EXERCISE PROMPT:
Search the entries below for "metis", and copy each line where it appears.

Saved data entries
☆ ☆ ☆ ☆

(* Let $G$ be a graph with at least one edge and let $x$ be a non-isolated vertex of $G$. Then there exists a Z-Grundy dominating sequence of $G$ that contains $x$.
   Context: For a graph $G$, $N(v)$ is the open neighborhood and $N[v]=N(v)\cup\{v\}$ the closed neighborhood of $v$. A sequence $(v_1,\ldots,v_k)$ of distinct vertices is a Z-sequence if $N(v_i)\setminus\bigcup_{j=1}^{i-1}N[v_j]\neq\emptyset$ for each $i\in[k]$. A Z-Grundy dominating sequence is a Z-sequence of maximum possible length in $G$. *)

theory Defs
  imports Main
begin

definition graph :: "'a set \<Rightarrow> ('a \<Rightarrow> 'a \<Rightarrow> bool) \<Rightarrow> bool" where
  "graph V E \<longleftrightarrow> finite V \<and> (\<forall>u v. E u v \<longrightarrow> u \<in> V \<and> v \<in> V)
     \<and> (\<forall>u v. E u v \<longrightarrow> E v u) \<and> (\<forall>v. \<not> E v v)"

definition open_nbh :: "'a set \<Rightarrow> ('a \<Rightarrow> 'a \<Rightarrow> bool) \<Rightarrow> 'a \<Rightarrow> 'a set" where
  "open_nbh V E v = {u \<in> V. E v u}"

definition closed_nbh :: "'a set \<Rightarrow> ('a \<Rightarrow> 'a \<Rightarrow> bool) \<Rightarrow> 'a \<Rightarrow> 'a set" where
  "closed_nbh V E v = insert v (open_nbh V E v)"

text \<open>Z-sequence (v_1,...,v_k) as a list; index i < length s corresponds to v_(i+1).\<close>
definition is_Z_sequence :: "'a set \<Rightarrow> ('a \<Rightarrow> 'a \<Rightarrow> bool) \<Rightarrow> 'a list \<Rightarrow> bool" where
  "is_Z_sequence V E s \<longleftrightarrow> distinct s \<and> set s \<subseteq> V \<and>
     (\<forall>i < length s. open_nbh V E (s ! i) - (\<Union>j<i. closed_nbh V E (s ! j)) \<noteq> {})"

definition is_Z_Grundy_dom_seq :: "'a set \<Rightarrow> ('a \<Rightarrow> 'a \<Rightarrow> bool) \<Rightarrow> 'a list \<Rightarrow> bool" where
  "is_Z_Grundy_dom_seq V E s \<longleftrightarrow> is_Z_sequence V E s \<and>
     (\<forall>t. is_Z_sequence V E t \<longrightarrow> length t \<le> length s)"

end

theory Submission
  imports Defs
begin

text \<open>A Z-sequence \<open>s\<close> comes with footprints: for each \<open>i\<close> a vertex \<open>u\<^sub>i\<close> of
\<open>N(s\<^sub>i)\<close> that lies in no \<open>N[s\<^sub>j]\<close> with \<open>j < i\<close>. As the relation "\<open>u\<^sub>j \<notin> N[s\<^sub>i]\<close>
for \<open>i < j\<close>" is symmetric in the two sequences, the reversed footprints form a Z-sequence
of the same length whose footprints are the reversed \<open>s\<close>. Now let \<open>s\<close> be a Z-Grundy
dominating sequence and \<open>x\<close> a non-isolated vertex missing from it. If \<open>x\<close> is a
footprint, reverse. Otherwise the closed neighbourhoods of \<open>s\<close> cover \<open>N(x)\<close> (else \<open>x\<close>
could be appended), and replacing by \<open>x\<close> the first \<open>s\<^sub>t\<close> whose closed neighbourhood
completes this cover yields a Z-sequence of the same length: \<open>x\<close> footprints a vertex of
\<open>N(x)\<close> not dominated before step \<open>t\<close>, and the later footprints avoid \<open>N[x]\<close>.\<close>

definition Z_footprints :: "'a set \<Rightarrow> ('a \<Rightarrow> 'a \<Rightarrow> bool) \<Rightarrow> 'a list \<Rightarrow> 'a list \<Rightarrow> bool" where
  "Z_footprints V E s fs \<longleftrightarrow> length fs = length s \<and>
     (\<forall>i<length s. fs ! i \<in> open_nbh V E (s ! i) \<and>
        (\<forall>j<i. fs ! i \<notin> closed_nbh V E (s ! j)))"

lemma is_Z_sequence_iff_footprints:
  "is_Z_sequence V E s \<longleftrightarrow> distinct s \<and> set s \<subseteq> V \<and> (\<exists>fs. Z_footprints V E s fs)"
proof
  assume Z: "is_Z_sequence V E s"
  then have "\<forall>i<length s. \<exists>u. u \<in> open_nbh V E (s ! i) - (\<Union>j<i. closed_nbh V E (s ! j))"
    unfolding is_Z_sequence_def by blast
  then obtain f where "\<forall>i<length s. f i \<in> open_nbh V E (s ! i) - (\<Union>j<i. closed_nbh V E (s ! j))"
    by metis
  then have "Z_footprints V E s (map f [0..<length s])"
    unfolding Z_footprints_def by auto
  with Z show "distinct s \<and> set s \<subseteq> V \<and> (\<exists>fs. Z_footprints V E s fs)"
    unfolding is_Z_sequence_def by blast
next
  assume "distinct s \<and> set s \<subseteq> V \<and> (\<exists>fs. Z_footprints V E s fs)"
  then show "is_Z_sequence V E s"
    unfolding is_Z_sequence_def Z_footprints_def by blast
qed

lemma Z_footprints_distinct:
  assumes "Z_footprints V E s fs"
  shows "distinct fs"
proof -
  have "fs ! i \<noteq> fs ! j" if "i < j" "j < length fs" for i j
  proof -
    have "fs ! i \<in> closed_nbh V E (s ! i)"
      using assms that unfolding Z_footprints_def closed_nbh_def by auto
    moreover have "fs ! j \<notin> closed_nbh V E (s ! i)"
      using assms that unfolding Z_footprints_def by auto
    ultimately show ?thesis by auto
  qed
  then show ?thesis
    unfolding distinct_conv_nth by (metis linorder_neqE_nat)
qed

lemma Z_footprints_subset:
  assumes "Z_footprints V E s fs"
  shows "set fs \<subseteq> V"
  using assms unfolding Z_footprints_def open_nbh_def by (auto simp: in_set_conv_nth)

lemma Z_footprints_rev:
  assumes G: "graph V E" and fs: "Z_footprints V E s fs" and sV: "set s \<subseteq> V"
  shows "Z_footprints V E (rev fs) (rev s)"
  unfolding Z_footprints_def
proof (intro conjI allI impI)
  let ?k = "length s"
  have len: "length fs = ?k"
    using fs unfolding Z_footprints_def by simp
  then show "length (rev s) = length (rev fs)" by simp
  have fsV: "set fs \<subseteq> V"
    using fs by (rule Z_footprints_subset)
  fix m assume m: "m < length (rev fs)"
  then have m': "?k - 1 - m < ?k" using len by simp
  have "fs ! (?k - 1 - m) \<in> open_nbh V E (s ! (?k - 1 - m))"
    using fs m' unfolding Z_footprints_def by blast
  moreover have "s ! (?k - 1 - m) \<in> V"
    using sV m' by auto
  ultimately show "rev s ! m \<in> open_nbh V E (rev fs ! m)"
    using G m len unfolding open_nbh_def graph_def by (auto simp: rev_nth)
  fix j assume j: "j < m"
  then have "?k - 1 - j < ?k" "?k - 1 - m < ?k - 1 - j"
    using m len by auto
  then have "fs ! (?k - 1 - j) \<notin> closed_nbh V E (s ! (?k - 1 - m))"
    using fs unfolding Z_footprints_def by blast
  moreover have "fs ! (?k - 1 - j) \<in> V"
    using fsV j m len by auto
  ultimately show "rev s ! m \<notin> closed_nbh V E (rev fs ! j)"
    using G j m len unfolding closed_nbh_def open_nbh_def graph_def by (auto simp: rev_nth)
qed

lemma Z_footprints_snoc:
  assumes fs: "Z_footprints V E s fs" and u: "u \<in> open_nbh V E x"
    and new: "\<forall>j<length s. u \<notin> closed_nbh V E (s ! j)"
  shows "Z_footprints V E (s @ [x]) (fs @ [u])"
proof -
  have "length fs = length s"
    using fs unfolding Z_footprints_def by simp
  then show ?thesis
    using assms unfolding Z_footprints_def
    by (auto simp: nth_append less_Suc_eq)
qed

lemma Z_footprints_update:
  assumes fs: "Z_footprints V E s fs" and t: "t < length s"
    and u: "u \<in> open_nbh V E x" and new: "\<forall>j<t. u \<notin> closed_nbh V E (s ! j)"
    and x_fs: "x \<notin> set fs"
    and covered: "open_nbh V E x \<subseteq> (\<Union>j\<le>t. closed_nbh V E (s ! j))"
  shows "Z_footprints V E (s[t := x]) (fs[t := u])"
  unfolding Z_footprints_def
proof (intro conjI allI impI)
  have len: "length fs = length s"
    using fs unfolding Z_footprints_def by simp
  then show "length (fs[t := u]) = length (s[t := x])" by simp
  fix i assume i: "i < length (s[t := x])"
  show "fs[t := u] ! i \<in> open_nbh V E (s[t := x] ! i)"
    using fs i u len unfolding Z_footprints_def by (cases "i = t") auto
  fix j assume j: "j < i"
  show "fs[t := u] ! i \<notin> closed_nbh V E (s[t := x] ! j)"
  proof (cases "i = t")
    case True
    then show ?thesis using new j t len by simp
  next
    case False
    have old: "\<forall>j'<i. fs ! i \<notin> closed_nbh V E (s ! j')"
      using fs i unfolding Z_footprints_def by auto
    have "fs ! i \<notin> closed_nbh V E x" if "j = t"
    proof -
      have "fs ! i \<noteq> x" using x_fs i len by auto
      moreover have "fs ! i \<notin> open_nbh V E x"
        using covered old j that by fastforce
      ultimately show ?thesis unfolding closed_nbh_def by simp
    qed
    then show ?thesis
      using False old j t by (cases "j = t") auto
  qed
qed

lemma Z_sequence_length_le_card:
  assumes "finite V" and "is_Z_sequence V E s"
  shows "length s \<le> card V"
proof -
  have "distinct s" "set s \<subseteq> V"
    using assms(2) unfolding is_Z_sequence_def by auto
  then show ?thesis
    using assms(1) by (metis card_mono distinct_card)
qed

lemma ex_Z_Grundy_dom_seq:
  assumes "finite V"
  shows "\<exists>s. is_Z_Grundy_dom_seq V E s"
proof -
  have "is_Z_sequence V E []"
    unfolding is_Z_sequence_def by simp
  moreover have "\<forall>s. is_Z_sequence V E s \<longrightarrow> length s < Suc (card V)"
    using Z_sequence_length_le_card[OF assms] by (simp add: le_imp_less_Suc)
  ultimately show ?thesis
    unfolding is_Z_Grundy_dom_seq_def by (rule ex_has_greatest_nat)
qed

lemma Z_sequence_exchange:
  assumes xV: "x \<in> V" and x_nonisol: "open_nbh V E x \<noteq> {}"
    and Z: "is_Z_sequence V E s" and fs: "Z_footprints V E s fs"
    and x_s: "x \<notin> set s" and x_fs: "x \<notin> set fs"
  shows "\<exists>s'. is_Z_sequence V E s' \<and> length s \<le> length s' \<and> x \<in> set s'"
proof -
  define D where "D n = (\<Union>j<n. closed_nbh V E (s ! j))" for n
  have s_distinct: "distinct s" and sV: "set s \<subseteq> V"
    using Z unfolding is_Z_sequence_def by auto
  show ?thesis
  proof (cases "open_nbh V E x \<subseteq> D (length s)")
    case False
    then obtain u where "u \<in> open_nbh V E x" "\<forall>j<length s. u \<notin> closed_nbh V E (s ! j)"
      unfolding D_def by blast
    then have "Z_footprints V E (s @ [x]) (fs @ [u])"
      using fs by (rule Z_footprints_snoc[rotated])
    then have "is_Z_sequence V E (s @ [x])"
      using s_distinct sV xV x_s by (simp add: is_Z_sequence_iff_footprints, blast)
    then show ?thesis by auto
  next
    case True
    define n where "n = (LEAST n. open_nbh V E x \<subseteq> D n)"
    have covered_n: "open_nbh V E x \<subseteq> D n"
      unfolding n_def using True by (rule LeastI)
    have "n \<le> length s"
      unfolding n_def using True by (rule Least_le)
    moreover have "n \<noteq> 0"
      using covered_n x_nonisol unfolding D_def by auto
    then obtain t where n: "n = Suc t" by (metis not0_implies_Suc)
    ultimately have t: "t < length s" by simp
    have "\<not> open_nbh V E x \<subseteq> D t"
      using not_less_Least[of t "\<lambda>n. open_nbh V E x \<subseteq> D n"] n unfolding n_def by simp
    then obtain u where "u \<in> open_nbh V E x" "\<forall>j<t. u \<notin> closed_nbh V E (s ! j)"
      unfolding D_def by blast
    moreover have "open_nbh V E x \<subseteq> (\<Union>j\<le>t. closed_nbh V E (s ! j))"
      using covered_n n unfolding D_def by (simp add: lessThan_Suc_atMost)
    ultimately have "Z_footprints V E (s[t := x]) (fs[t := u])"
      using Z_footprints_update[OF fs t _ _ x_fs] by blast
    moreover have "distinct (s[t := x])"
      using s_distinct x_s by (simp add: distinct_list_update)
    moreover have "set (s[t := x]) \<subseteq> V"
      using sV xV set_update_subset_insert by fastforce
    ultimately have "is_Z_sequence V E (s[t := x])"
      by (simp add: is_Z_sequence_iff_footprints, blast)
    moreover have "x \<in> set (s[t := x])"
      using t by (simp add: set_update_memI)
    ultimately show ?thesis by auto
  qed
qed

lemma ex_Z_sequence_containing:
  assumes G: "graph V E" and xV: "x \<in> V" and x_nonisol: "open_nbh V E x \<noteq> {}"
    and Z: "is_Z_sequence V E s"
  shows "\<exists>s'. is_Z_sequence V E s' \<and> length s \<le> length s' \<and> x \<in> set s'"
proof -
  obtain fs where fs: "Z_footprints V E s fs"
    using Z by (auto simp: is_Z_sequence_iff_footprints)
  consider "x \<in> set s" | "x \<in> set fs" | "x \<notin> set s" "x \<notin> set fs" by blast
  then show ?thesis
  proof cases
    case 1
    then show ?thesis using Z by blast
  next
    case 2
    have "set s \<subseteq> V" using Z unfolding is_Z_sequence_def by simp
    then have "is_Z_sequence V E (rev fs)"
      using Z_footprints_rev[OF G fs] Z_footprints_distinct[OF fs] Z_footprints_subset[OF fs]
      by (auto simp: is_Z_sequence_iff_footprints)
    moreover have "length fs = length s"
      using fs unfolding Z_footprints_def by simp
    ultimately show ?thesis using 2 by auto
  next
    case 3
    then show ?thesis using Z_sequence_exchange[OF xV x_nonisol Z fs] by blast
  qed
qed

theorem proposition3p1:
  fixes V :: "'a set" and E :: "'a \<Rightarrow> 'a \<Rightarrow> bool" and x :: 'a
  assumes "graph V E"
    and "\<exists>u v. E u v"
    and "x \<in> V" and "open_nbh V E x \<noteq> {}"
  shows "\<exists>s. is_Z_Grundy_dom_seq V E s \<and> x \<in> set s"
proof -
  obtain s where s: "is_Z_Grundy_dom_seq V E s"
    using ex_Z_Grundy_dom_seq assms(1) unfolding graph_def by blast
  then obtain s' where "is_Z_sequence V E s'" "length s \<le> length s'" "x \<in> set s'"
    using ex_Z_sequence_containing[OF assms(1,3,4)] unfolding is_Z_Grundy_dom_seq_def by blast
  with s show ?thesis
    unfolding is_Z_Grundy_dom_seq_def by (meson order_trans)
qed

end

☆ ☆ ☆ ☆

EXERCISE RESPONSE:
    by metis
    unfolding distinct_conv_nth by (metis linorder_neqE_nat)
    using assms(1) by (metis card_mono distinct_card)
    then obtain t where n: "n = Suc t" by (metis not0_implies_Suc)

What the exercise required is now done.